:: EXERCISE INSTRUCTIONS ::
Return, from the material below, each line in which the word "Union" is present.

:: EXTRACTED RECORDS ::
lemma dim_UN_kerK_poly_mat:
  fixes A :: "'a::field^'n^'n" and g :: "'i \<Rightarrow> 'a poly"
  assumes "finite I" "\<And>i j. i \<in> I \<Longrightarrow> j \<in> I \<Longrightarrow> i \<noteq> j \<Longrightarrow> coprime (g i) (g j)"
  shows "vec.dim (\<Union>i\<in>I. kerK (poly_mat (g i) A)) = (\<Sum>i\<in>I. vec.dim (kerK (poly_mat (g i) A)))"
  using assms
proof (induction I rule: finite_induct)
  case empty
  then show ?case
    by simp
next
  case (insert j I)
  define K where "K = kerK (poly_mat (g j) A)"
  define T where "T = vec.span (\<Union>i\<in>I. kerK (poly_mat (g i) A))"
  have "vec.span K = K"
    unfolding K_def by (simp add: vec.span_eq_iff subspace_kerK)
  moreover have "(\<Union>i\<in>insert j I. kerK (poly_mat (g i) A)) = K \<union> (\<Union>i\<in>I. kerK (poly_mat (g i) A))"
    by (simp add: K_def)
  ultimately have span_eq:
    "vec.span (\<Union>i\<in>insert j I. kerK (poly_mat (g i) A)) = {x + y |x y. x \<in> K \<and> y \<in> T}"
    by (simp only: vec.span_Un T_def)
  have "vec.dim (\<Union>i\<in>insert j I. kerK (poly_mat (g i) A))
      = vec.dim (vec.span (\<Union>i\<in>insert j I. kerK (poly_mat (g i) A)))"
    by (rule vec.dim_span[symmetric])
  also have "\<dots> = vec.dim {x + y |x y. x \<in> K \<and> y \<in> T}"
    by (simp only: span_eq)
  also have "\<dots> = vec.dim K + vec.dim T"
  proof -
    have "K \<inter> T = {0}"
      unfolding K_def T_def using insert by (intro kerK_poly_mat_Int_span_kerK) auto
    moreover have "vec.subspace K" "vec.subspace T"
      unfolding K_def T_def by (rule subspace_kerK, rule vec.subspace_span)
    ultimately show ?thesis
      using vec.dim_sums_Int[of K T] by simp
  qed
  finally have "vec.dim (\<Union>i\<in>insert j I. kerK (poly_mat (g i) A)) = vec.dim K + vec.dim T" .
  moreover have "vec.dim T = (\<Sum>i\<in>I. vec.dim (kerK (poly_mat (g i) A)))"
    unfolding T_def vec.dim_span by (rule insert.IH) (use insert.prems in auto)
  ultimately show ?case
    using insert.hyps by (simp add: K_def)
qed

definition emb_vec :: "('k::field \<Rightarrow> 'l::field) \<Rightarrow> 'k^'n \<Rightarrow> 'l^'n" where
  "emb_vec emb v = (\<chi> j. emb (v $ j))"

locale field_ext_basis =
  fixes emb :: "'k::field \<Rightarrow> 'l::field" and B :: "'m::finite \<Rightarrow> 'l"
  assumes field_emb: "field_emb emb" and K_basis: "is_K_basis emb B"
begin

lemma emb_1: "emb 1 = 1"
  and emb_add: "emb (a + b) = emb a + emb b"
  and emb_mult: "emb (a * b) = emb a * emb b"
  using field_emb by (auto simp: field_emb_def)

lemma emb_0 [simp]: "emb 0 = 0"
  using emb_add[of 0 0] by (metis add_cancel_right_right add_0)

lemma emb_sum: "emb (sum g S) = (\<Sum>i\<in>S. emb (g i))"
  by (induct S rule: infinite_finite_induct) (simp_all add: emb_add)

lemma emb_eq_0_iff: "emb a = 0 \<longleftrightarrow> a = 0"
proof
  assume "emb a = 0"
  show "a = 0"
  proof (rule ccontr)
    assume "a \<noteq> 0"
    then have "emb 1 = emb a * emb (inverse a)"
      by (simp add: emb_mult[symmetric])
    then show False
      using \<open>emb a = 0\<close> emb_1 by simp
  qed
qed simp

lemma inj_emb: "inj emb"
proof (rule injI)
  fix a b
  assume "emb a = emb b"
  then have "emb (a - b) = 0"
    using emb_add[of "a - b" b] by simp
  then show "a = b"
    by (simp add: emb_eq_0_iff)
qed

lemma coords_repr: "x = (\<Sum>i\<in>UNIV. emb (coords emb B x $ i) * B i)"
proof -
  have "\<exists>!a. x = (\<Sum>i\<in>UNIV. emb (a $ i) * B i)"
    using K_basis by (simp add: is_K_basis_def)
  then show ?thesis
    unfolding coords_def by (rule theI')
qed

lemma coords_unique: "x = (\<Sum>i\<in>UNIV. emb (a $ i) * B i) \<Longrightarrow> coords emb B x = a"
  using K_basis coords_repr[of x] by (auto simp: is_K_basis_def)

lemma coords_add: "coords emb B (x + y) = coords emb B x + coords emb B y"
  by (rule coords_unique)
    (subst coords_repr[of x], subst coords_repr[of y], simp add: emb_add sum.distrib algebra_simps)

lemma coords_emb_mult: "coords emb B (emb a * x) = a *s coords emb B x"
  by (rule coords_unique) (subst coords_repr[of x], simp add: emb_mult sum_distrib_left algebra_simps)

lemma coords_0 [simp]: "coords emb B 0 = 0"
  by (rule coords_unique) simp

lemma coords_eq_0_iff: "coords emb B x = 0 \<longleftrightarrow> x = 0"
  using coords_repr[of x] by auto

lemma emb_vec_0 [simp]: "emb_vec emb 0 = 0"
  by (simp add: emb_vec_def vec_eq_iff)

lemma emb_vec_add: "emb_vec emb (x + y) = emb_vec emb x + emb_vec emb y"
  by (simp add: emb_vec_def vec_eq_iff emb_add)

lemma emb_vec_scale: "emb_vec emb (a *s x) = emb a *s emb_vec emb x"
  by (simp add: emb_vec_def vec_eq_iff emb_mult)

lemma inj_emb_vec: "inj (emb_vec emb)"
  using inj_emb by (simp add: inj_def emb_vec_def vec_eq_iff)

lemma emb_vec_span: "x \<in> vec.span S \<Longrightarrow> emb_vec emb x \<in> vec.span (emb_vec emb ` S)"
proof (induction rule: vec.span_induct_alt)
  case base
  then show ?case
    by (simp add: vec.span_zero)
next
  case (step c x y)
  then show ?case
    by (simp add: emb_vec_add emb_vec_scale vec.span_add vec.span_scale vec.span_base)
qed

lemma emb_mat_matrix_vector_mult: "emb_mat emb P *v emb_vec emb v = emb_vec emb (P *v v)"
  by (simp add: emb_mat_def emb_vec_def matrix_vector_mult_def vec_eq_iff emb_sum emb_mult)

lemma emb_vec_kerK_subset_kerL: "emb_vec emb ` kerK P \<subseteq> kerL emb P"
  by (auto simp: kerK_eq kerL_def emb_mat_matrix_vector_mult)

lemma MB_repr: "d = (\<Sum>i\<in>UNIV. B i *s emb_vec emb (MB emb B d $ i))"
proof -
  have "d $ j = (\<Sum>i\<in>UNIV. B i *s emb_vec emb (MB emb B d $ i)) $ j" for j
    by (subst coords_repr[of "d $ j"]) (simp add: MB_def emb_vec_def sum_component mult.commute)
  then show ?thesis
    by (simp add: vec_eq_iff)
qed

lemma MB_0 [simp]: "MB emb B 0 = 0"
  by (simp add: MB_def vec_eq_iff)

lemma MB_add: "MB emb B (x + y) = MB emb B x + MB emb B y"
  by (simp add: MB_def vec_eq_iff coords_add)

lemma MB_scale_emb_vec: "MB emb B (c *s emb_vec emb v) $ i = coords emb B c $ i *s v"
  by (simp add: MB_def emb_vec_def vec_eq_iff mult.commute[of c] coords_emb_mult)

lemma MB_sum: "MB emb B (sum f T) = (\<Sum>v\<in>T. MB emb B (f v))"
  by (induction T rule: infinite_finite_induct) (simp_all add: MB_add)

lemma MB_row_span_emb_vec:
  "d \<in> vec.span (emb_vec emb ` S) \<Longrightarrow> MB emb B d $ i \<in> vec.span S"
proof (induction rule: vec.span_induct_alt)
  case base
  then show ?case
    by (simp add: vec.span_zero)
next
  case (step c x y)
  then show ?case
    by (auto simp: MB_add MB_scale_emb_vec vec.span_add vec.span_scale vec.span_base)
qed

:: WRITTEN RESPONSE ::
  shows "vec.dim (\<Union>i\<in>I. kerK (poly_mat (g i) A)) = (\<Sum>i\<in>I. vec.dim (kerK (poly_mat (g i) A)))"
  define T where "T = vec.span (\<Union>i\<in>I. kerK (poly_mat (g i) A))"
  moreover have "(\<Union>i\<in>insert j I. kerK (poly_mat (g i) A)) = K \<union> (\<Union>i\<in>I. kerK (poly_mat (g i) A))"
    "vec.span (\<Union>i\<in>insert j I. kerK (poly_mat (g i) A)) = {x + y |x y. x \<in> K \<and> y \<in> T}"
  have "vec.dim (\<Union>i\<in>insert j I. kerK (poly_mat (g i) A))
      = vec.dim (vec.span (\<Union>i\<in>insert j I. kerK (poly_mat (g i) A)))"
  finally have "vec.dim (\<Union>i\<in>insert j I. kerK (poly_mat (g i) A)) = vec.dim K + vec.dim T" .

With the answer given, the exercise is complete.